◆ **Work task**:
Go through the records and copy each line where the word "metis" occurs.

◆ **Extracted information**:

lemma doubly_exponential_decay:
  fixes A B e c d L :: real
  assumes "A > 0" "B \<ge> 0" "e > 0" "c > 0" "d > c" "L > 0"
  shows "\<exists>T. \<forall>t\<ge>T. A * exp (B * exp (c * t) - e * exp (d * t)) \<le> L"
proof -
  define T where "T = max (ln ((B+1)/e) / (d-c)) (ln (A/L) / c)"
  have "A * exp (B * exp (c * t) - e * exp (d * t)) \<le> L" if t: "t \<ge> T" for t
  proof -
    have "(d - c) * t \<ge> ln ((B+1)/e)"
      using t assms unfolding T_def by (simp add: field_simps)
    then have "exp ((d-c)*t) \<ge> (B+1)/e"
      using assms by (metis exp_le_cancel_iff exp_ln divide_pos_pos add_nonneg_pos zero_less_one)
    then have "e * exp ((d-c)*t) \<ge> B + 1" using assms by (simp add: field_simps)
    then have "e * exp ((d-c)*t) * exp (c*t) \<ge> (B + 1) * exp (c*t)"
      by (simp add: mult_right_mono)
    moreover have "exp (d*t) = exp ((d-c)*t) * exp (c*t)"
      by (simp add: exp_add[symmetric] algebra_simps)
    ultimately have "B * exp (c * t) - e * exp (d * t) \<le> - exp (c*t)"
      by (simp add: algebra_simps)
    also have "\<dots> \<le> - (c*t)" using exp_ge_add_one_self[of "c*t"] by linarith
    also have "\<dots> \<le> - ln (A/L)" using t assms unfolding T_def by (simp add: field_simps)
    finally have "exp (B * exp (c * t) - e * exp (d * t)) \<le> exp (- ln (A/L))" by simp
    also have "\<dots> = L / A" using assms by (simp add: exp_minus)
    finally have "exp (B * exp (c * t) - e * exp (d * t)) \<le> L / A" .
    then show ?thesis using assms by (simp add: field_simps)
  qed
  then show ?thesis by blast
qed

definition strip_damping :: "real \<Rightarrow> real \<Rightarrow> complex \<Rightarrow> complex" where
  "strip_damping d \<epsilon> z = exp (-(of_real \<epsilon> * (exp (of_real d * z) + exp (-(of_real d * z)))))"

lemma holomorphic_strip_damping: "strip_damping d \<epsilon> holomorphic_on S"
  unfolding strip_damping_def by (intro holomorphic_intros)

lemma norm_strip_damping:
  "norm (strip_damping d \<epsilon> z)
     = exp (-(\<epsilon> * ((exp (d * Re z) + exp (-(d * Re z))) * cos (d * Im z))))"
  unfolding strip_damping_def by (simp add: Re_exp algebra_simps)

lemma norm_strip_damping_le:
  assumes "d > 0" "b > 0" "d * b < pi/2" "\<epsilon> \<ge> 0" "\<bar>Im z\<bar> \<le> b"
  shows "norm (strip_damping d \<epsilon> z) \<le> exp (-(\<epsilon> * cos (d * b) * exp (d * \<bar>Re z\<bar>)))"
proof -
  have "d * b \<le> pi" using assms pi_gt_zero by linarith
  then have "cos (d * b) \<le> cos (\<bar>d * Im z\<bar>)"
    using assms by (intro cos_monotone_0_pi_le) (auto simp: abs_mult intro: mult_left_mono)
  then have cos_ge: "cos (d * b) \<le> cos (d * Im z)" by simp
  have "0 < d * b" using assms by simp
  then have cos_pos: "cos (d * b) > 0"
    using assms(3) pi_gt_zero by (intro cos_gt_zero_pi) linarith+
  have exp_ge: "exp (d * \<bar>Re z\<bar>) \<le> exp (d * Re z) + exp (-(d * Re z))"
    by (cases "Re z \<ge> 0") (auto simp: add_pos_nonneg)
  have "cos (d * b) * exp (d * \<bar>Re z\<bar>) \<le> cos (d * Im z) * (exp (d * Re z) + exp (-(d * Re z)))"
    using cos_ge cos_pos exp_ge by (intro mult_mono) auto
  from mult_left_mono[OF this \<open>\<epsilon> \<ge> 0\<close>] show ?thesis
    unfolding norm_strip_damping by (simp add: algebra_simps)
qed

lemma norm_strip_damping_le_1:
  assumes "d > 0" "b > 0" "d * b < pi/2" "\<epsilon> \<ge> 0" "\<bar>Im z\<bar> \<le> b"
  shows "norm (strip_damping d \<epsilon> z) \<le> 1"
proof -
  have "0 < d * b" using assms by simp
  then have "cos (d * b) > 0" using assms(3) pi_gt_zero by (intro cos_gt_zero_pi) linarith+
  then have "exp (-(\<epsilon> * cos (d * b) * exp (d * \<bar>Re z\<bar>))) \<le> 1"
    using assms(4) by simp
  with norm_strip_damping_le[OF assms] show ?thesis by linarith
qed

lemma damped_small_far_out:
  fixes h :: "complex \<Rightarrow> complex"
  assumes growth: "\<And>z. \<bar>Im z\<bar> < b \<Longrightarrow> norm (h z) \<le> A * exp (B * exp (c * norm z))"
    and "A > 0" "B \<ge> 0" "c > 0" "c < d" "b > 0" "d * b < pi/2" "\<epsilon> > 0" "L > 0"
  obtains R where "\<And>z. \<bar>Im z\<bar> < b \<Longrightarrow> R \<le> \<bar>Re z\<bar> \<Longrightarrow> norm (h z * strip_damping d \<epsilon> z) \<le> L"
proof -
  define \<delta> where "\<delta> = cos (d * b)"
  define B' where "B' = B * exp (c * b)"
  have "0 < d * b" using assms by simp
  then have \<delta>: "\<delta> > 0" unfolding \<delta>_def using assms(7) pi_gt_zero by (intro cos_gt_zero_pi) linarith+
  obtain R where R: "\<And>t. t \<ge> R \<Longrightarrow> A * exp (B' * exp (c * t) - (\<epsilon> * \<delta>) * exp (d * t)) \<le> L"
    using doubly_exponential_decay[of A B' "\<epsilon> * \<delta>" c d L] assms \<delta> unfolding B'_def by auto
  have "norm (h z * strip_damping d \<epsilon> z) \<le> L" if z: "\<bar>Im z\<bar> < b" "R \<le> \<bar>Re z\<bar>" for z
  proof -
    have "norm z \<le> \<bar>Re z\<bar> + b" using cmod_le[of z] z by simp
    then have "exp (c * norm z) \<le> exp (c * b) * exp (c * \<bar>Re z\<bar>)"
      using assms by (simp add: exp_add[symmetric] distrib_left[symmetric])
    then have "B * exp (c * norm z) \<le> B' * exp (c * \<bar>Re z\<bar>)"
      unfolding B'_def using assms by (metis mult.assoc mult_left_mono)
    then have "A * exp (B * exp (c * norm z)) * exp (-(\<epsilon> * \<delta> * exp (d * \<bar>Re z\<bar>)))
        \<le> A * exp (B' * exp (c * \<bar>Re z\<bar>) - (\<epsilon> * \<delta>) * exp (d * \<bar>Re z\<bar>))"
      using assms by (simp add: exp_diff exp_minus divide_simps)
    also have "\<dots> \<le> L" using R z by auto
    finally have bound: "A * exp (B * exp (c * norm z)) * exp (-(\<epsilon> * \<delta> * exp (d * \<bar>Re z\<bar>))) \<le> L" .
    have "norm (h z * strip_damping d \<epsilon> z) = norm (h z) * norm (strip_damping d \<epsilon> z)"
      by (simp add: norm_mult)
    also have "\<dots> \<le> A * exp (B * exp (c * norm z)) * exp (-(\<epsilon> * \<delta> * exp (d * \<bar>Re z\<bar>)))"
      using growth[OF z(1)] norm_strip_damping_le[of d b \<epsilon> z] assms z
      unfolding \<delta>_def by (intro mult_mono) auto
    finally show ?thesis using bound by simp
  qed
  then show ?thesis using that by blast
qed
--
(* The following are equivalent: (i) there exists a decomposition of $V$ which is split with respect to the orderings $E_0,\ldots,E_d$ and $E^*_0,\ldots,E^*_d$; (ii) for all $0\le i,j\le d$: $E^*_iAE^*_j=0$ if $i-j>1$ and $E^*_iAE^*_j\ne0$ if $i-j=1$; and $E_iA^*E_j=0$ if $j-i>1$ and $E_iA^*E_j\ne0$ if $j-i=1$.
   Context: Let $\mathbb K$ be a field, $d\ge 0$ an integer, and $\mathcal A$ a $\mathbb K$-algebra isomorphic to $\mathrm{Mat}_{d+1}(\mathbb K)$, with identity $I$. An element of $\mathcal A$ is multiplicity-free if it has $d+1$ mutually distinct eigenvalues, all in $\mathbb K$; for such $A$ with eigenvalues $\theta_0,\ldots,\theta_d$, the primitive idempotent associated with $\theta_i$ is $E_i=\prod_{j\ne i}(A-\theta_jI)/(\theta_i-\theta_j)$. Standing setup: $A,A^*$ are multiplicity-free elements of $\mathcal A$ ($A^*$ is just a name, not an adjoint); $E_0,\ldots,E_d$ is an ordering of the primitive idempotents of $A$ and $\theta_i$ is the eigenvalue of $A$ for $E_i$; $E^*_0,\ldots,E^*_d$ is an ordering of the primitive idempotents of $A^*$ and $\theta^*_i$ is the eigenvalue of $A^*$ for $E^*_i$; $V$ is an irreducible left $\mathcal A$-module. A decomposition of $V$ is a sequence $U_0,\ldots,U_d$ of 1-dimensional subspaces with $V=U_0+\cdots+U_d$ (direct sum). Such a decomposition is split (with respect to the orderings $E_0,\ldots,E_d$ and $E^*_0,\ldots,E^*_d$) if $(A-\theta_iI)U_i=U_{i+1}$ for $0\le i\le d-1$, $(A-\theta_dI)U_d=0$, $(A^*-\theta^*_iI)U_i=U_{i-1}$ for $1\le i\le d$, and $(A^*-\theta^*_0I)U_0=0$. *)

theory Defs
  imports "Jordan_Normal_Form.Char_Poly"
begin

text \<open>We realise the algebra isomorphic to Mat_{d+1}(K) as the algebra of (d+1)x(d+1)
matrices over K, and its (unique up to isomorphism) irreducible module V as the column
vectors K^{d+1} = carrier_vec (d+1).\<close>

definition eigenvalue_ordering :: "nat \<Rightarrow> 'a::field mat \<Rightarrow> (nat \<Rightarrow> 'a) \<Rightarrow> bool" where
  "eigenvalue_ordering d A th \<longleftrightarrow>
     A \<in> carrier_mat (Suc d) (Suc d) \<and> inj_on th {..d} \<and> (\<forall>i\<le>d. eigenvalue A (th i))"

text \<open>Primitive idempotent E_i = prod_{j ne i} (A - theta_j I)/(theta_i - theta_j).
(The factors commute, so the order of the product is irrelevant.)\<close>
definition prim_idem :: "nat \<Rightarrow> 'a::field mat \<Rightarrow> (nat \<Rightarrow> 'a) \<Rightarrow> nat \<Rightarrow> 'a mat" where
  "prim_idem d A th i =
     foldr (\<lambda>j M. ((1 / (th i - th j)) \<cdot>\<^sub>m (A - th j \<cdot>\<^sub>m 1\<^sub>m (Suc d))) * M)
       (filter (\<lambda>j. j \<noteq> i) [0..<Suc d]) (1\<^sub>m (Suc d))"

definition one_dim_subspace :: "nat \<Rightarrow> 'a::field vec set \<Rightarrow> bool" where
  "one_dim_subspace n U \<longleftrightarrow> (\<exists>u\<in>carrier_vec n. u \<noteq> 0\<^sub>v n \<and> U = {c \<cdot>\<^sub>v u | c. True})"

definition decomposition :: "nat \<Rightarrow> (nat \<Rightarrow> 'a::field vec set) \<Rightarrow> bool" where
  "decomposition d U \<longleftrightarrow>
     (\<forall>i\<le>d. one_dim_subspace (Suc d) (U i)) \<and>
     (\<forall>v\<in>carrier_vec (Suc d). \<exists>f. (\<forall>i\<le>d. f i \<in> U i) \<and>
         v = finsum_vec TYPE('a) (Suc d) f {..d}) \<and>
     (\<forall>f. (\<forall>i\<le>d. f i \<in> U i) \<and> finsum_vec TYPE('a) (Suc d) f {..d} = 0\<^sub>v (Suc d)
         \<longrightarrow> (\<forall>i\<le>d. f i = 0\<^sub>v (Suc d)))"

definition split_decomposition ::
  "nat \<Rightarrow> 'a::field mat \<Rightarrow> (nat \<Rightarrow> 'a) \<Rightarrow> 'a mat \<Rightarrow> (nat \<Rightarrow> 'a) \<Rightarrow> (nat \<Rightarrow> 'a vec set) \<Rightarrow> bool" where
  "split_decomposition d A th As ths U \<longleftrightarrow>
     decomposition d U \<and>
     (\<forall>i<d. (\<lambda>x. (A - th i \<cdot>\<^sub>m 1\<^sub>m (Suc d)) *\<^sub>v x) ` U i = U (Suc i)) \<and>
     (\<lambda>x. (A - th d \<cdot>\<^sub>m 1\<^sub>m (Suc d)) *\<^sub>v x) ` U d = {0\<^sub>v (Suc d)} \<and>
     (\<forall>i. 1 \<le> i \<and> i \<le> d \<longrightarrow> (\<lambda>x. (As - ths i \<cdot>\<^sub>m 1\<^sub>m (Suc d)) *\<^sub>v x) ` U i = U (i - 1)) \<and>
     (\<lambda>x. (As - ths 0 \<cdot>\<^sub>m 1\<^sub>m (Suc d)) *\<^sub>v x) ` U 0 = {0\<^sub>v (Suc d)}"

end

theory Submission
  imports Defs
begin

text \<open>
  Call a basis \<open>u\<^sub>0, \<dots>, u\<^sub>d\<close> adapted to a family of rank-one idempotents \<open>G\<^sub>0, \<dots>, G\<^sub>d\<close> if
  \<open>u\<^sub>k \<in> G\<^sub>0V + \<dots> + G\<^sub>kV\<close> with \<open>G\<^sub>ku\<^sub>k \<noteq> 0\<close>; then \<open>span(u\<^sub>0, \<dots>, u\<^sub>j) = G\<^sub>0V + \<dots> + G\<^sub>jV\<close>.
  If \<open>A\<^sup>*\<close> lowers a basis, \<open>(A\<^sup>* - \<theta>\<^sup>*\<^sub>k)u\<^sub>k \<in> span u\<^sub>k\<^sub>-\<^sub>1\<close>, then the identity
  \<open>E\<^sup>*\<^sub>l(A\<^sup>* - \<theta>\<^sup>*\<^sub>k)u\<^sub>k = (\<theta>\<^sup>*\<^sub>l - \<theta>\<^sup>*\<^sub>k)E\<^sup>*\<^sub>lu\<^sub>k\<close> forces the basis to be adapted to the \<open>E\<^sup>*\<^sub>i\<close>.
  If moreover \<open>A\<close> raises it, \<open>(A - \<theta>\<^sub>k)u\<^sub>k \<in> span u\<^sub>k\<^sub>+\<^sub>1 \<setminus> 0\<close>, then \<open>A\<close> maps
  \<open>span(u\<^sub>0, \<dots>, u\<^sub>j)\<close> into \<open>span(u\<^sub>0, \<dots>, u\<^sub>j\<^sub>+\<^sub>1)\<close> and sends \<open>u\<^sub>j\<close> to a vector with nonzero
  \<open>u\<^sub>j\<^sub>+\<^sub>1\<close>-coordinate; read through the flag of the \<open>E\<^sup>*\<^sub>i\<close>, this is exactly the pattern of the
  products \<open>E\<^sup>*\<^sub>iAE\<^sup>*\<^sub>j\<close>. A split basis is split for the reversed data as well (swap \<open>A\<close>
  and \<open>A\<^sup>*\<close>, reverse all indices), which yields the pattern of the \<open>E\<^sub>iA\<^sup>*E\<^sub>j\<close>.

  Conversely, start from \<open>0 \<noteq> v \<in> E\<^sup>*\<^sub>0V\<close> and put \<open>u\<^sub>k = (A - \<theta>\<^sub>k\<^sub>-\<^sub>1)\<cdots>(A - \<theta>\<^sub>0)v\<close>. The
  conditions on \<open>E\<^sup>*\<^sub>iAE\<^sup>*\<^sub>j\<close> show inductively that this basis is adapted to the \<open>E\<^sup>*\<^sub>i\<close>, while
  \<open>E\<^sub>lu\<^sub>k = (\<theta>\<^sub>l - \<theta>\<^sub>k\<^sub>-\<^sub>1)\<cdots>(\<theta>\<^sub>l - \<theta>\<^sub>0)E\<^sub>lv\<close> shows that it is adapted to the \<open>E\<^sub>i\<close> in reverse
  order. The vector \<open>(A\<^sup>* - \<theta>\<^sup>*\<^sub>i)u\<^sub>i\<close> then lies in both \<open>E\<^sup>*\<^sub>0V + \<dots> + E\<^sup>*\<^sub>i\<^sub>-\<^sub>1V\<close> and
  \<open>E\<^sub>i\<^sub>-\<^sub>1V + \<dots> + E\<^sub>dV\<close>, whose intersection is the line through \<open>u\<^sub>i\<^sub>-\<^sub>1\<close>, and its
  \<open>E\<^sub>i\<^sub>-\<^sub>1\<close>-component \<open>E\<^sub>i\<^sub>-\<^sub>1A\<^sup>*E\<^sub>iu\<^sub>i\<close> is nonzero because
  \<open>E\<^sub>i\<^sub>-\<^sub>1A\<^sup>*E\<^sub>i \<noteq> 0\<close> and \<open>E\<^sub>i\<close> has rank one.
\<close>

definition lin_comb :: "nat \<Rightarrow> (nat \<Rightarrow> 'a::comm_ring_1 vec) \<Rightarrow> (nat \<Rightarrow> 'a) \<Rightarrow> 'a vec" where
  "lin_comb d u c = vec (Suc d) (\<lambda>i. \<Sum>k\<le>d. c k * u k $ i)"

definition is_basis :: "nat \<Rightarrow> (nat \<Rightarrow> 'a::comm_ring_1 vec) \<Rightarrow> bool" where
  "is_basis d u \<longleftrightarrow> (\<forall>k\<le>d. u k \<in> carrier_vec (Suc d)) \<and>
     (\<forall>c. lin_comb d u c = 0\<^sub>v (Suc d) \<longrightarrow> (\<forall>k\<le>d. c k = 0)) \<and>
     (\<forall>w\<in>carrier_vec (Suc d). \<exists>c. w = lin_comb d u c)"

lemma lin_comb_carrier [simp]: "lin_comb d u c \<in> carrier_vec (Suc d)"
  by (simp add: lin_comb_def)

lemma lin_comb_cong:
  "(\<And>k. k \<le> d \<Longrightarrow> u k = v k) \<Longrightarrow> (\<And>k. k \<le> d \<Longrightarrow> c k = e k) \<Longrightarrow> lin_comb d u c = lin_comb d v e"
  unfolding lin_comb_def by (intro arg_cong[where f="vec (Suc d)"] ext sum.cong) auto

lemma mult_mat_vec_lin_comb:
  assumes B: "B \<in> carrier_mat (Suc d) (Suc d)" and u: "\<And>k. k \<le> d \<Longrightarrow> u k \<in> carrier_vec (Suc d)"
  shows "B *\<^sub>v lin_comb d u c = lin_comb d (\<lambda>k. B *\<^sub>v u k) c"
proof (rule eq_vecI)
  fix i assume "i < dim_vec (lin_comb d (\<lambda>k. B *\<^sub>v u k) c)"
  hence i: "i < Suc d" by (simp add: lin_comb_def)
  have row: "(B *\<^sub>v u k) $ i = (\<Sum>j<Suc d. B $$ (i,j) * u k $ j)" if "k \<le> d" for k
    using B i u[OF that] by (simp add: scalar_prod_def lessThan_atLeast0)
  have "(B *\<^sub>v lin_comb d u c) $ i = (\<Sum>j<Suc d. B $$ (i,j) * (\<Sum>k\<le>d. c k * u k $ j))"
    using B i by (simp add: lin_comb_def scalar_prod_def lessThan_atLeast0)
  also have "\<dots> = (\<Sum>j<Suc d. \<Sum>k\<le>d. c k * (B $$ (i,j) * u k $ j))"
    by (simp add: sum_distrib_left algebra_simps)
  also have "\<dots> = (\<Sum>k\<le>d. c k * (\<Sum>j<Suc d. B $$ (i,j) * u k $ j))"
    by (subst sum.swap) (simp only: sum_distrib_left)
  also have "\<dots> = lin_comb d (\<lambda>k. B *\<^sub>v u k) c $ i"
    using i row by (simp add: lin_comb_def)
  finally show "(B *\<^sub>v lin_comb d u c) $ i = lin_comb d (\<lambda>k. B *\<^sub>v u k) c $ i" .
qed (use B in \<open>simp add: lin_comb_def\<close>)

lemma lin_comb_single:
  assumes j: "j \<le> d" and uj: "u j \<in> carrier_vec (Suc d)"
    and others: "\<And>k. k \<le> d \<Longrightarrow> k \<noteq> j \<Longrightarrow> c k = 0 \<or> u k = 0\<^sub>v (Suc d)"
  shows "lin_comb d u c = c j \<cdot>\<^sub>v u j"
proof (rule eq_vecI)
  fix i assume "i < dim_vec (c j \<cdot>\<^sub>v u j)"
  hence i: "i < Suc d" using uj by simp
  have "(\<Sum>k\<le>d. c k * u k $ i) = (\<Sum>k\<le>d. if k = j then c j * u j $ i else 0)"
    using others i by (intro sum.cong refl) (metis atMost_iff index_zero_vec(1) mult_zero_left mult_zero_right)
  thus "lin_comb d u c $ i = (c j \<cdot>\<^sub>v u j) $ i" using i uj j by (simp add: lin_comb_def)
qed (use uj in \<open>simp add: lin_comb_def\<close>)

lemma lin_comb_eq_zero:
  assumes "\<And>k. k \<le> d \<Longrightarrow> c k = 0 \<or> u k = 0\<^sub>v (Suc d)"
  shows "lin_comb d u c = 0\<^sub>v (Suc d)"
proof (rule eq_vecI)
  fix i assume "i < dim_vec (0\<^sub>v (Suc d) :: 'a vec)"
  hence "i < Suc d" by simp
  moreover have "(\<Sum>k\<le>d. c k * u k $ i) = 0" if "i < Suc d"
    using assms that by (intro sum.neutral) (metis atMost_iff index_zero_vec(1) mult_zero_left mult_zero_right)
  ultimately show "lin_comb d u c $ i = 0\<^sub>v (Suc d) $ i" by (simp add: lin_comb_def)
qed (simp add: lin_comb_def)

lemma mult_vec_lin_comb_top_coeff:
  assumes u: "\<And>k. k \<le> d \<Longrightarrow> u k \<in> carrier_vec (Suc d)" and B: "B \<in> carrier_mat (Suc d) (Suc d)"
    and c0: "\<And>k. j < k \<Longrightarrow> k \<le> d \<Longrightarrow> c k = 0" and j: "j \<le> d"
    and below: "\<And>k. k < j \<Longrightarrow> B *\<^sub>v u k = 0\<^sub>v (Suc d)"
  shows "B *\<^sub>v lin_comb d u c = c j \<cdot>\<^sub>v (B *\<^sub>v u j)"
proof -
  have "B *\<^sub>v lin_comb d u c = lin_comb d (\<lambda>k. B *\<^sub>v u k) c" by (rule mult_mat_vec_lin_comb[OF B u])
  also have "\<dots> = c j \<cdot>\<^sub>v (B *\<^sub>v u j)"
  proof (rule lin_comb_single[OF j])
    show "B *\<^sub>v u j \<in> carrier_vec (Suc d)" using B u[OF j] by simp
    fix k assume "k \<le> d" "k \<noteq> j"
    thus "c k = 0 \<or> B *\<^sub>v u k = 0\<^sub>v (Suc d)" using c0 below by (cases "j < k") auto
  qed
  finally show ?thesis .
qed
...
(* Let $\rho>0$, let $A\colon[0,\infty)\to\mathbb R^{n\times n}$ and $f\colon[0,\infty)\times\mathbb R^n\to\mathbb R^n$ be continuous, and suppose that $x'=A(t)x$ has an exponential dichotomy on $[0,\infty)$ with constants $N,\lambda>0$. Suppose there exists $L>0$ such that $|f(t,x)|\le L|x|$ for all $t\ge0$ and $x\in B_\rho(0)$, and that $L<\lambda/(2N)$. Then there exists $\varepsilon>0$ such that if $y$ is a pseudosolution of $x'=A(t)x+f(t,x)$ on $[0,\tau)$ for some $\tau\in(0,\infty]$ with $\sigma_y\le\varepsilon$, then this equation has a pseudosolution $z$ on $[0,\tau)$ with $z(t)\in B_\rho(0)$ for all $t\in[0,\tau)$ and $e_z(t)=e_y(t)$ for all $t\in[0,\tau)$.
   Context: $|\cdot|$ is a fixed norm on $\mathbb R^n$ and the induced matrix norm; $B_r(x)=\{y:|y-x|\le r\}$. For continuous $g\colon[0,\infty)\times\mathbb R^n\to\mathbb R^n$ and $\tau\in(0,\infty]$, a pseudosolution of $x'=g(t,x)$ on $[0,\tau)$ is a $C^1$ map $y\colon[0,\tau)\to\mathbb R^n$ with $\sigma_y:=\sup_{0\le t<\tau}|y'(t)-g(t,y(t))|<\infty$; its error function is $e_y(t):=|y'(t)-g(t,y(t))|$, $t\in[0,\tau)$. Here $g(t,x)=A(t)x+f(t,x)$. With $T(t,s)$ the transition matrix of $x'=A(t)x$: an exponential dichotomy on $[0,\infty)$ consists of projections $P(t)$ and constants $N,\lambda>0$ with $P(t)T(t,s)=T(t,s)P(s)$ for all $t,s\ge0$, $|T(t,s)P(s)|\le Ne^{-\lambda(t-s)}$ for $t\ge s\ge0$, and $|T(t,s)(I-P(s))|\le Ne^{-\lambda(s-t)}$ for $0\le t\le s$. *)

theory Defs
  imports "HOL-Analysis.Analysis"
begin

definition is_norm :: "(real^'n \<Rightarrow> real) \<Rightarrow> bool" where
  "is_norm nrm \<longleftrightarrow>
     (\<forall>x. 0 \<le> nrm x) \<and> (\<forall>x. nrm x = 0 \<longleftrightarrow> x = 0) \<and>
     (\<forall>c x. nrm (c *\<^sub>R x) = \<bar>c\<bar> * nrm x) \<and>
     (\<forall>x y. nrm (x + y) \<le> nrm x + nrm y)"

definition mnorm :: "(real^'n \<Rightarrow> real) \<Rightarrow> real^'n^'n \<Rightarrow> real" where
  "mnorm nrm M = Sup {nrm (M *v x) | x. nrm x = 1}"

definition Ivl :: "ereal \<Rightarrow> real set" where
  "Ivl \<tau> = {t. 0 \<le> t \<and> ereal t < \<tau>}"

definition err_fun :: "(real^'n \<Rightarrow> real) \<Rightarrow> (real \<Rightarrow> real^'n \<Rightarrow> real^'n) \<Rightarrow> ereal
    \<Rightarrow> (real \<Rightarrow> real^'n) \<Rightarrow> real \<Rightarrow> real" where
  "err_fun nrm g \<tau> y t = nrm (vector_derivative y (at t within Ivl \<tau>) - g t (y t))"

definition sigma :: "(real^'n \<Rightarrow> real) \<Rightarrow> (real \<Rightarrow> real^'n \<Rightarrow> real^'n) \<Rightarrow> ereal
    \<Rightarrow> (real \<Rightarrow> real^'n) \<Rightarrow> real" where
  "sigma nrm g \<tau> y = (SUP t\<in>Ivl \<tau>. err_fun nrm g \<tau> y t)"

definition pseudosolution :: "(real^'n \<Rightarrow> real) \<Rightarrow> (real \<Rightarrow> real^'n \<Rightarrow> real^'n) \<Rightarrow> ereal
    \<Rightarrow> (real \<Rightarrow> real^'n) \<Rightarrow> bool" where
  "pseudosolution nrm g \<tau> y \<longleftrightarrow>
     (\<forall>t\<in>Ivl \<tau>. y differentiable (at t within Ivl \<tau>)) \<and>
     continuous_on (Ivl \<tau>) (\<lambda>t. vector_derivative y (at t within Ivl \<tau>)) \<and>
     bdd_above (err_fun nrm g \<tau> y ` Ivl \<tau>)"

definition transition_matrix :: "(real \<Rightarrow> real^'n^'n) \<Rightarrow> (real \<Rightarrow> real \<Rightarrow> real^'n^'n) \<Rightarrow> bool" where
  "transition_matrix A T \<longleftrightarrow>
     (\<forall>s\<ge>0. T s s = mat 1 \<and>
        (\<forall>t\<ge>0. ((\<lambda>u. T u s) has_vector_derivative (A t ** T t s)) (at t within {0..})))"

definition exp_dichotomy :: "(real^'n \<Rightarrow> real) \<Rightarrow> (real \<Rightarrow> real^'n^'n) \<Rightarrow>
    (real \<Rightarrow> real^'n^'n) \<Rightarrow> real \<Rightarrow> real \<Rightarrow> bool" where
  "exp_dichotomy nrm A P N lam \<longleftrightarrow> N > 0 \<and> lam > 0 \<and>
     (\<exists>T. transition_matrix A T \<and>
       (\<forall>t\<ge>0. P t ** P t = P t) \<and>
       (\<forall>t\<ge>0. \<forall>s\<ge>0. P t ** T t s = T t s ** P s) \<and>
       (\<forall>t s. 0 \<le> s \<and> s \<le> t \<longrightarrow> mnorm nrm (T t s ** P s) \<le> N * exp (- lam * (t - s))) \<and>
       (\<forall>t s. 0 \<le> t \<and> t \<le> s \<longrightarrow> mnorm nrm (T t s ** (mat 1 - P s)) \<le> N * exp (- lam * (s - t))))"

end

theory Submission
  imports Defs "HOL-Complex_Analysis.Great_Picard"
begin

◆ **Written response**:
      using assms by (metis exp_le_cancel_iff exp_ln divide_pos_pos add_nonneg_pos zero_less_one)
      unfolding B'_def using assms by (metis mult.assoc mult_left_mono)
    using others i by (intro sum.cong refl) (metis atMost_iff index_zero_vec(1) mult_zero_left mult_zero_right)
    using assms that by (intro sum.neutral) (metis atMost_iff index_zero_vec(1) mult_zero_left mult_zero_right)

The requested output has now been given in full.